US Senate passes its own $4.6bn border aid bill

Senate bill resembles the House measure, but has fewer restrictions on how the Trump administration could use the money.

Migrants caught after crossing US-Mexico border
Migrants are held after crossing US-Mexico border [Reuters]

Washington, DC– The Republican-led United States Senate voted on Wednesday to approve a $4.6bn emergency funding bill for southwest US border.

The 84-8 vote came less than 24 hours after the House of Representative passed a measure that was similar, but had more restrictions on how the Trump administration could use the money. That House bill was rejected in the Senate. 

Wide bipartisan support in the Senate for the emergency funds requested by the Trump administration gives the president the upper hand in negotiations with House Democrats who will now face pressure to act quickly.

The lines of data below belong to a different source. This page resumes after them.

lemma nc_eps_derivation_coeff:
  assumes "u \<noteq> []"
    and ideal: "\<And>x. x \<in> nc_ideal R \<Longrightarrow> x u = 0"
    and suffixes: "\<And>g i. g \<in> S \<Longrightarrow> 0 < i \<Longrightarrow> i < length u \<Longrightarrow> g (drop i u) = 0"
  shows "nc_eps_derivation R S (\<lambda>f. f u)"
  unfolding nc_eps_derivation_def
proof (intro conjI allI impI ballI)
  fix x y assume "nc_cong R x y"
  then have "nc_diff x y u = 0" unfolding nc_cong_def by (rule ideal)
  then show "x u = y u" by (simp add: nc_diff_apply)
next
  fix f g assume "g \<in> S"
  then show "nc_mult f g u = f [] * g u + f u * g []"
    using assms(1) suffixes by (intro nc_mult_eq_boundary_terms) auto
qed (use assms(1) in \<open>simp_all add: nc_add_apply nc_smult_apply nc_one_def\<close>)

lemma nc_quot_iso_eps_derivation_determined:
  assumes "nc_quot_iso R (nc_subalg G) S"
  obtains \<phi> where "\<And>D z. nc_eps_derivation R S D \<Longrightarrow> (\<And>g. g \<in> G \<Longrightarrow> D (\<phi> g) = 0) \<Longrightarrow>
    z \<in> S \<Longrightarrow> D z = 0"
proof -
  let ?A = "nc_subalg G"
  from assms obtain \<phi> where
    hom_into: "\<forall>x\<in>?A. \<phi> x \<in> S" and
    hom_onto: "\<forall>z\<in>S. \<exists>x\<in>?A. nc_cong R z (\<phi> x)" and
    hom_one: "nc_cong R (\<phi> nc_one) nc_one" and
    hom_add: "\<forall>x\<in>?A. \<forall>y\<in>?A. nc_cong R (\<phi> (nc_add x y)) (nc_add (\<phi> x) (\<phi> y))" and
    hom_mult: "\<forall>x\<in>?A. \<forall>y\<in>?A. nc_cong R (\<phi> (nc_mult x y)) (nc_mult (\<phi> x) (\<phi> y))" and
    hom_smult: "\<forall>c. \<forall>x\<in>?A. nc_cong R (\<phi> (nc_smult c x)) (nc_smult c (\<phi> x))"
    unfolding nc_quot_iso_def by blast
  have "D z = 0" if D: "nc_eps_derivation R S D" and gens: "\<And>g. g \<in> G \<Longrightarrow> D (\<phi> g) = 0"
    and "z \<in> S" for D z
  proof -
    have D_cong: "nc_cong R x y \<Longrightarrow> D x = D y" for x y
      using D by (simp add: nc_eps_derivation_def)
    have D_add: "D (nc_add f g) = D f + D g" and D_smult: "D (nc_smult c f) = c * D f"
      and D_one: "D nc_one = 0"
      and D_mult: "f \<in> S \<Longrightarrow> g \<in> S \<Longrightarrow> D (nc_mult f g) = f [] * D g + D f * g []" for f g c
      using D by (simp_all add: nc_eps_derivation_def)
    have "D (\<phi> x) = 0" if "x \<in> ?A" for x
      using that
    proof (induction rule: nc_subalg.induct)
      case one
      show ?case using D_cong[OF hom_one] D_one by simp
    next
      case (gen g)
      then show ?case by (rule gens)
    next
      case (add x y)
      then have "D (\<phi> (nc_add x y)) = D (nc_add (\<phi> x) (\<phi> y))"
        using hom_add by (blast intro: D_cong)
      then show ?case using add.IH by (simp add: D_add)
    next
      case (smult x c)
      then have "D (\<phi> (nc_smult c x)) = D (nc_smult c (\<phi> x))"
        using hom_smult by (blast intro: D_cong)
      then show ?case using smult.IH by (simp add: D_smult)
    next
      case (mult x y)
      then have "D (\<phi> (nc_mult x y)) = D (nc_mult (\<phi> x) (\<phi> y))"
        using hom_mult by (blast intro: D_cong)
      then show ?case using mult hom_into by (simp add: D_mult)
    qed
    moreover obtain x where "x \<in> ?A" "nc_cong R z (\<phi> x)" using hom_onto \<open>z \<in> S\<close> by blast
    ultimately show ?thesis using D_cong by simp
  qed
  then show thesis using that by blast
qed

The Senate action puts House Speaker Nancy Pelosi in a political bind between demands from progressives in her caucus to rein-in President Donald Trump‘s family-separation practices at the US border with Mexico, which Pelosi has harshly criticised, and an urgent need to provide US agencies with more funding to handle the recent surge in migrants.

“The topline numbers of the House bill may be similar but the policy implications are vast. Time is of the essence here,” Senator Shelley Moore Capito, a Republican, said in remarks to the Senate on Wednesday.

“We may not agree on how we got here or how best to move forward but we agree there is a crisis, a major crisis, and that the resources are needed now,” Moore Capito said.

The Senate bill would provide $145m to support the US military’s operations at the border, which House Democrats opposed. It would also provide $793m to improve migrant housing conditions at border stations and detention sites and $112m for migrant care.

The Senate bill would allocate $2.88b for the Health and Human Services Department’s much-criticised programme to house unaccompanied migrant children, allowing it to expand its housing capacity. 

From October 2018 to May 2019, nearly 51,000 children were referred to HHS, a 60 percent increase over last year, according to the Senate Appropriations Committee summary of the bill

Trump and Pelosi had a phone call on Wednesday to discuss reconciling the House bill with the Senate version, according to a senior Democratic aide speaking on background to reporters. The two spoke for about 15 minutes.

‘This is not a partisan issue’

Senators were outraged by a picture of the bodies of Oscar Alberto Martinez Ramirez and his 23-month-old daughter, Valeria, who drowned while attempting to cross the Rio Grande River between the US and Mexico.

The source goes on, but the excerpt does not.